# Need a good Exhaust system



## S2000 (Aug 24, 2003)

HI guys,
I have E39 M5 and I need an advice from you guys 
I'm looking for a good exhaust system and Air intake 
so, what do you recomand me to buy

thanx


----------



## laxwmatt (Nov 18, 2003)

Kelleners, or Tubi.

I've heard good things about both, but everyone on the M5board recommends Kelleners.

www.m5board.com

check it out.


----------



## gra8fuldd (May 17, 2003)

S2000 said:


> HI guys,
> I have E39 M5 and I need an advice from you guys
> I'm looking for a good exhaust system and Air intake
> so, what do you recomand me to buy
> ...


I have a 2003 Carbon Black M5 and I decided on the Tubi Full Cat-Back System. I had a Supersprint X-Pipe with the stock cans for about 3 months and decided that I did not like the direction that the sound of my Beast was taking. I started talking to a couple of friends that own Ferrari's ... each of them own 360's ... and they convinced me to give Tubi a try. I must say that I LOVE IT!! I love the way it looks and I Love the way it sounds.

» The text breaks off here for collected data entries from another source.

lemma one_le_arboricity:
  assumes "graph V E" "E \<noteq> {}"
  shows "1 \<le> arboricity V E"
proof -
  obtain e where e: "e \<in> E" using assms(2) by blast
  then have "e \<subseteq> V" "card e = 2" using assms(1) unfolding graph_def by auto
  moreover have "induced_edges E e \<noteq> {}" "finite (induced_edges E e)"
    using e graph_finite_edges[OF assms(1)] unfolding induced_edges_def by auto
  ultimately have "1 \<le> real (card (induced_edges E e))"
    by (simp add: Suc_leI card_gt_0_iff)
  also have "\<dots> \<le> real (arboricity V E) * real (card e - 1)"
    using assms(1) \<open>e \<subseteq> V\<close> \<open>card e = 2\<close> unfolding graph_def
    by (intro card_induced_edges_le_arboricity) auto
  finally show ?thesis using \<open>card e = 2\<close> by simp
qed

lemma arboricity_le_out_degree:
  assumes H: "oriented_graph V tail H" and B: "0 \<le> B" "\<forall>v\<in>V. real (card (out_edges H tail v)) \<le> B"
  shows "real (arboricity V H) \<le> 2 * B + 1"
proof -
  have fV: "finite V" and fH: "finite H"
    using H graph_finite_edges unfolding oriented_graph_def graph_def by blast+
  have "real (card (induced_edges H S)) \<le> 2 * B * real (card S - 1)"
    if S: "S \<subseteq> V" "2 \<le> card S" for S
  proof -
    have fS: "finite S" using S fV finite_subset by blast
    \<comment> \<open>every edge inside S leaves its tail, which lies in S\<close>
    have "induced_edges H S \<subseteq> (\<Union>v\<in>S. out_edges H tail v)"
      using H unfolding induced_edges_def out_edges_def oriented_graph_def by blast
    then have "card (induced_edges H S) \<le> card (\<Union>v\<in>S. out_edges H tail v)"
      by (rule card_mono[rotated]) (auto simp: out_edges_def intro: rev_finite_subset[OF fH])
    also have "\<dots> \<le> (\<Sum>v\<in>S. card (out_edges H tail v))" using fS by (rule card_UN_le)
    finally have "real (card (induced_edges H S)) \<le> (\<Sum>v\<in>S. real (card (out_edges H tail v)))"
      by (metis of_nat_le_iff of_nat_sum)
    also have "\<dots> \<le> (\<Sum>v\<in>S. B)" using B(2) S(1) by (intro sum_mono) auto
    also have "\<dots> = B * real (card S)" by simp
    also have "\<dots> \<le> 2 * B * real (card S - 1)"
      using mult_left_mono[of 2 "real (card S)" B] B(1) S(2) by (simp add: of_nat_diff algebra_simps)
    finally show ?thesis .
  qed
  then have "arboricity V H \<le> nat \<lceil>2 * B\<rceil>" using B(1) by (intro arboricity_le[OF fV]) auto
  moreover have "real (nat \<lceil>2 * B\<rceil>) = of_int \<lceil>2 * B\<rceil>" using B(1) by simp
  ultimately show ?thesis using of_int_ceiling_le_add_one[of "2 * B"] by linarith
qed

lemma min_degree_le_twice_arboricity:
  assumes G: "graph V E" and S: "S \<subseteq> V" "v \<in> S"
    and min: "\<forall>u\<in>S. degree_in (induced_edges E S) v \<le> degree_in (induced_edges E S) u"
  shows "real (degree_in (induced_edges E S) v) \<le> 2 * real (arboricity V E)"
proof (cases "2 \<le> card S")
  case True
  let ?ES = "induced_edges E S"
  have fV: "finite V" using G unfolding graph_def by blast
  have "card S * degree_in ?ES v \<le> (\<Sum>u\<in>S. degree_in ?ES u)"
    using sum_mono[of S "\<lambda>_. degree_in ?ES v" "degree_in ?ES"] min by simp
  also have "\<dots> = 2 * card ?ES" using graph_induced_edges[OF G S(1)] by (rule sum_degree_in)
  finally have "real (card S) * real (degree_in ?ES v) \<le> 2 * real (card ?ES)"
    by (metis of_nat_le_iff of_nat_mult of_nat_numeral)
  also have "\<dots> \<le> 2 * (real (arboricity V E) * real (card S - 1))"
    using card_induced_edges_le_arboricity[OF fV S(1) True] by simp
  also have "\<dots> \<le> 2 * (real (arboricity V E) * real (card S))"
    by (intro mult_left_mono) auto
  also have "\<dots> = real (card S) * (2 * real (arboricity V E))" by simp
  finally show ?thesis using True by simp
next
  case False
  then have "induced_edges E S = {}"
    using card_vertices_ge_two[OF graph_induced_edges[OF G S(1)]] by linarith
  then show ?thesis unfolding degree_in_def by simp
qed

lemma edge_eq_pair_nth:
  assumes "graph V E" "set vs = V" "e \<in> E"
  obtains i j where "i < j" "j < length vs" "e = {vs ! i, vs ! j}"
proof -
  obtain x y where xy: "e = {x, y}" "x \<noteq> y" "x \<in> V" "y \<in> V"
    using assms unfolding graph_def by (metis card_2_iff insert_subset)
  then obtain i j where ij: "i < length vs" "vs ! i = x" "j < length vs" "vs ! j = y"
    using assms(2) by (metis in_set_conv_nth)
  then have "i \<noteq> j" using xy by auto
  then consider "i < j" | "j < i" by linarith
  then show ?thesis
  proof cases
    case 1
    then show ?thesis using that ij xy by blast
  next
    case 2
    then show ?thesis using that[of j i] ij xy by (simp add: insert_commute)
  qed
qed

lemma forests_decomposition_orientation_oriented_graph:
  assumes G: "graph V E" and F: "forests_decomposition_orientation V E tail"
  shows "oriented_graph V tail E"
proof -
  obtain vs where vs: "set vs = V"
    "\<forall>e\<in>E. \<forall>i<length vs. \<forall>j<length vs. e = {vs ! i, vs ! j} \<and> i < j \<longrightarrow> tail e = vs ! i"
    using F unfolding forests_decomposition_orientation_def by blast
  have "tail e \<in> e" if "e \<in> E" for e
    using edge_eq_pair_nth[OF G vs(1) that] vs(2) that
    by (metis insertI1 order.strict_trans)
  then show ?thesis using G unfolding oriented_graph_def by blast
qed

It is a little bit money than Kellener or Supersprints or Hamann or Eisenmann ... BUT ... None of those "Cans Only" are made like the Tubi Full Cat Back System.


----------



## ACS3art (Dec 23, 2003)

S2000 said:


> HI guys,
> I have E39 M5 and I need an advice from you guys
> I'm looking for a good exhaust system and Air intake
> so, what do you recomand me to buy
> ...


acs exhaust is the best.2nd is remus and
a K&N filter(we did some test on our own)
compare two other air intake kit and exhaust(they are
loud) they gain a little at the very top-end
not worth-it at 5500rpm who use that 
maybe at the track
:thumbup:


----------